(* Let $G$ be a connected graph on $n\ge 12$ vertices with $\gamma(G)\neq 2$. Then the parameters $dv(G,k_1,k_2,k_3)$ for all nonnegative integers $k_1,k_2,k_3$ with $0\le k_1+k_2+k_3\le n-3$, and $dv(G,k_1,k,k)$ for all nonnegative integers $k_1,k$ with $0\le k_1+2k\le n-3$, are reconstructible; that is, for every graph $H$ with $\mathscr{D}(H)=\mathscr{D}(G)$ these parameters take the same values on $H$ as on $G$.
   Context: All graphs are finite, simple and undirected; $\gamma(G)$ is the domination number. For a vertex $v$, the card $G-v$ is the unlabeled graph obtained by deleting $v$; the deck $\mathscr{D}(G)$ is the multiset of all cards. For nonnegative integers $k_1,k_2,k_3$, $dv(G,k_1,k_2,k_3)$ denotes the number of pairs of non-adjacent vertices $x$ and $y$ in $G$ such that exactly $k_1$ vertices are adjacent to both $x$ and $y$, exactly $k_2$ vertices are adjacent to $x$ but not to $y$, and exactly $k_3$ vertices are adjacent to $y$ but not to $x$. *)

theory Defs
  imports Main
begin

definition graph :: "'a set \<Rightarrow> ('a \<Rightarrow> 'a \<Rightarrow> bool) \<Rightarrow> bool" where
  "graph V E \<longleftrightarrow> finite V \<and> (\<forall>x y. E x y \<longrightarrow> x \<in> V \<and> y \<in> V)
     \<and> (\<forall>x y. E x y \<longrightarrow> E y x) \<and> (\<forall>x. \<not> E x x)"

definition connected_graph :: "'a set \<Rightarrow> ('a \<Rightarrow> 'a \<Rightarrow> bool) \<Rightarrow> bool" where
  "connected_graph V E \<longleftrightarrow> V \<noteq> {} \<and> (\<forall>x\<in>V. \<forall>y\<in>V. E\<^sup>*\<^sup>* x y)"

definition dominating :: "'a set \<Rightarrow> ('a \<Rightarrow> 'a \<Rightarrow> bool) \<Rightarrow> 'a set \<Rightarrow> bool" where
  "dominating V E S \<longleftrightarrow> S \<subseteq> V \<and> (\<forall>v\<in>V. v \<in> S \<or> (\<exists>s\<in>S. E v s))"

definition domination_number :: "'a set \<Rightarrow> ('a \<Rightarrow> 'a \<Rightarrow> bool) \<Rightarrow> nat" where
  "domination_number V E = Min {card S | S. dominating V E S}"

definition graph_iso :: "'a set \<Rightarrow> ('a \<Rightarrow> 'a \<Rightarrow> bool) \<Rightarrow> 'b set \<Rightarrow> ('b \<Rightarrow> 'b \<Rightarrow> bool) \<Rightarrow> bool" where
  "graph_iso V1 E1 V2 E2 \<longleftrightarrow> (\<exists>f. bij_betw f V1 V2 \<and>
      (\<forall>x\<in>V1. \<forall>y\<in>V1. E1 x y \<longleftrightarrow> E2 (f x) (f y)))"

definition card_verts :: "'a set \<Rightarrow> 'a \<Rightarrow> 'a set" where
  "card_verts V v = V - {v}"

definition card_edges :: "('a \<Rightarrow> 'a \<Rightarrow> bool) \<Rightarrow> 'a \<Rightarrow> ('a \<Rightarrow> 'a \<Rightarrow> bool)" where
  "card_edges E v = (\<lambda>x y. E x y \<and> x \<noteq> v \<and> y \<noteq> v)"
(* Assume Hypothesis (LD). Assume the $\rho$-basic classes contained in $M_1$ are finitely many, $K_1,\dots,K_v$, each closed. Let $K_j$ be one of them which is not a $\rho$-quasiattractor. Then there exists $\eta>0$ with the following property. For every $\gamma>0$ there exist $\varepsilon_0>0$ and a function $\zeta:(0,\varepsilon_0)\to[0,1]$ with $\lim_{\varepsilon\to0}\zeta(\varepsilon)=0$ such that $$\sup_{x\in N^\eta(K_j)}\mathbb{P}_x\big[\tau^\varepsilon_{N^\eta(K_j)}>e^{\gamma/\varepsilon}\big]\le\zeta(\varepsilon)\quad\text{for all }\varepsilon<\varepsilon_0.$$ Here $\tau^\varepsilon_V=\inf\{n\ge0:X^\varepsilon_n\notin V\}$.
   Context: Setting. Let $M\subset\mathbb{R}^d$ be closed; all topological notions are relative to $M$. Let $F:M\to M$ be continuous with $\|F\|:=\sup_{x\in M}\|F(x)\|<\infty$. For $A\subset M$ and $\delta>0$, put $N^\delta(A)=\{x\in M:\inf_{y\in A}\|x-y\|<\delta\}$, and let $d(x,y)=\max_i|x_i-y_i|$. Let $\{X^\varepsilon\}_{\varepsilon>0}$ be a family of time-homogeneous Markov chains on $M$ with transition kernels $p^\varepsilon(x,\Gamma)$. $\mathbb{P}_x$ is the law of the chain with $X^\varepsilon_0=x$. Assume $M=M_0\cup M_1$ (disjoint), where $M_0$ is closed, $F(M_0)\subseteq M_0$, $F(M_1)\subseteq M_1$, and $p^\varepsilon(x,M_1)=0$ for all $\varepsilon>0$ and $x\in M_0$. $\rho$-chain recurrence. Given $\rho:M\times M\to[0,+\infty]$, for $\xi=(\xi_0,\dots,\xi_n)\in M^{n+1}$ set $A_n(\xi)=\sum_{i=0}^{n-1}\rho(\xi_i,\xi_{i+1})$. Set $B_\rho(x,y)=\inf\{A_n(\xi):n\ge1,\ \xi\in M^{n+1},\ \xi_0=x,\ \xi_n=y\}$. Write $x<_\rho y$ if $B_\rho(x,y)=0$, and $x\sim_\rho y$ if $x<_\rho y$ and $y<_\rho x$. Let $\mathcal{R}_\rho=\{x:x\sim_\rho x\}$. The $\rho$-basic classes are the equivalence classes $[x]_\rho$ of $\sim_\rho$ on $\mathcal{R}_\rho$. Write $[x]_\rho<_\rho[y]_\rho$ if $x<_\rho y$. A $\rho$-quasiattractor is a maximal $\rho$-basic class. Hypothesis (LD). There is $\rho:M\times M\to[0,+\infty]$ such that: (i) $\rho$ is continuous on $M_1\times M$; (ii) $\rho(x,y)=0$ iff $y=F(x)$; (iii) for every $\beta>0$, $\inf\{\rho(x,y):x,y\in M,\ d(F(x),y)>\beta\}>0$; (iv) lower bound: for every compact $K\subset M_1$, every open ball $U$ of $M$ and every $\eta>0$, there is $\varepsilon_0>0$ such that $\varepsilon\log p^\varepsilon(x,U)\ge-\inf_{y\in U}\rho(x,y)-\eta$ for all $x\in K$ and $\varepsilon<\varepsilon_0$; (v) upper bound: for every closed $C\subset M$ and every $\eta>0$, there is $\varepsilon_0>0$ such that $\varepsilon\log p^\varepsilon(x,C)\le-\inf_{y\in C}\rho(x,y)+\eta$ for all $x\in M$ and $\varepsilon<\varepsilon_0$. *)

theory Defs
  imports "HOL-Probability.Probability"
begin

definition dmax :: "real^'n \<Rightarrow> real^'n \<Rightarrow> real" where
  "dmax x y = Max (range (\<lambda>i. \<bar>x$i - y$i\<bar>))"

definition nbhd :: "'a::metric_space set \<Rightarrow> real \<Rightarrow> 'a set \<Rightarrow> 'a set" where
  "nbhd M \<delta> A = {x\<in>M. (INF y\<in>A. ereal (dist x y)) < ereal \<delta>}"

definition chain_cost :: "('a \<Rightarrow> 'a \<Rightarrow> ennreal) \<Rightarrow> (nat \<Rightarrow> 'a) \<Rightarrow> nat \<Rightarrow> ennreal" where
  "chain_cost \<rho> \<xi> n = (\<Sum>i<n. \<rho> (\<xi> i) (\<xi> (Suc i)))"

definition B_rho :: "'a set \<Rightarrow> ('a \<Rightarrow> 'a \<Rightarrow> ennreal) \<Rightarrow> 'a \<Rightarrow> 'a \<Rightarrow> ennreal" where
  "B_rho M \<rho> x y = (INF (n, \<xi>)\<in>{(n, \<xi>). n \<ge> 1 \<and> (\<forall>i\<le>n. \<xi> i \<in> M) \<and> \<xi> 0 = x \<and> \<xi> n = y}.
       chain_cost \<rho> \<xi> n)"

definition rho_le :: "'a set \<Rightarrow> ('a \<Rightarrow> 'a \<Rightarrow> ennreal) \<Rightarrow> 'a \<Rightarrow> 'a \<Rightarrow> bool" where
  "rho_le M \<rho> x y \<longleftrightarrow> B_rho M \<rho> x y = 0"

definition rho_sim :: "'a set \<Rightarrow> ('a \<Rightarrow> 'a \<Rightarrow> ennreal) \<Rightarrow> 'a \<Rightarrow> 'a \<Rightarrow> bool" where
  "rho_sim M \<rho> x y \<longleftrightarrow> rho_le M \<rho> x y \<and> rho_le M \<rho> y x"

════

- [ACTIVITY]:
Transcribe the lines above between the line holding "ennreal) \<Rightarrow> (nat" and the line holding "y \<longleftrightarrow> B_rho", inclusive, exactly as they stand and with nothing added.

- [WRITTEN RESPONSE]:
definition chain_cost :: "('a \<Rightarrow> 'a \<Rightarrow> ennreal) \<Rightarrow> (nat \<Rightarrow> 'a) \<Rightarrow> nat \<Rightarrow> ennreal" where
  "chain_cost \<rho> \<xi> n = (\<Sum>i<n. \<rho> (\<xi> i) (\<xi> (Suc i)))"

definition B_rho :: "'a set \<Rightarrow> ('a \<Rightarrow> 'a \<Rightarrow> ennreal) \<Rightarrow> 'a \<Rightarrow> 'a \<Rightarrow> ennreal" where
  "B_rho M \<rho> x y = (INF (n, \<xi>)\<in>{(n, \<xi>). n \<ge> 1 \<and> (\<forall>i\<le>n. \<xi> i \<in> M) \<and> \<xi> 0 = x \<and> \<xi> n = y}.
       chain_cost \<rho> \<xi> n)"

definition rho_le :: "'a set \<Rightarrow> ('a \<Rightarrow> 'a \<Rightarrow> ennreal) \<Rightarrow> 'a \<Rightarrow> 'a \<Rightarrow> bool" where
  "rho_le M \<rho> x y \<longleftrightarrow> B_rho M \<rho> x y = 0"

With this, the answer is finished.